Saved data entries
Segment Open
lemma zacc_mem_Xset:
  assumes ne: "\<forall>t\<in>{1..T}. \<forall>z h. (\<forall>tau\<in>{1..<t}. z tau \<in> vec_space (n tau))
           \<longrightarrow> h \<in> space (hist_M M t) \<longrightarrow> Xset M n C t z h \<noteq> {}"
    and g: "noise_path T M g"
  shows "t \<in> {1..T} \<Longrightarrow> zacc M n C y g t t \<in> Xset M n C t (zacc M n C y g (t - 1)) (hist g t)"
proof (induction t rule: less_induct)
  case (less t)
  then obtain k where t: "t = Suc k" by (cases t) auto
  have "zacc M n C y g k tau \<in> vec_space (n tau)" if tau: "tau \<in> {1..<t}" for tau
  proof -
    have "zacc M n C y g tau tau \<in> Xset M n C tau (zacc M n C y g (tau - 1)) (hist g tau)"
      by (rule less.IH) (use tau less.prems in auto)
    moreover have "zacc M n C y g k tau = zacc M n C y g tau tau"
      using tau t by (intro zacc_stable) simp
    ultimately show ?thesis
      using Xset_subset_vec_space by (metis subsetD)
  qed
  moreover have "hist g t \<in> space (hist_M M t)"
    using hist_in_space[OF g] less.prems by simp
  ultimately have "Xset M n C t (zacc M n C y g k) (hist g t) \<noteq> {}"
    using bspec[OF ne less.prems] by simp
  then have "proj (n t) (Xset M n C t (zacc M n C y g k) (hist g t)) u
      \<in> Xset M n C t (zacc M n C y g k) (hist g t)" for u
    unfolding Xset_eq_polyhedron by (rule proj_in_polyhedron)
  then show ?case
    unfolding t by (simp only: zacc_Suc_self diff_Suc_1)
qed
Segment Closed
### TASK TO CARRY OUT:
How many lines of the entries include the string "simp"? Answer with a number and no other words.

### TASK SOLUTION:
4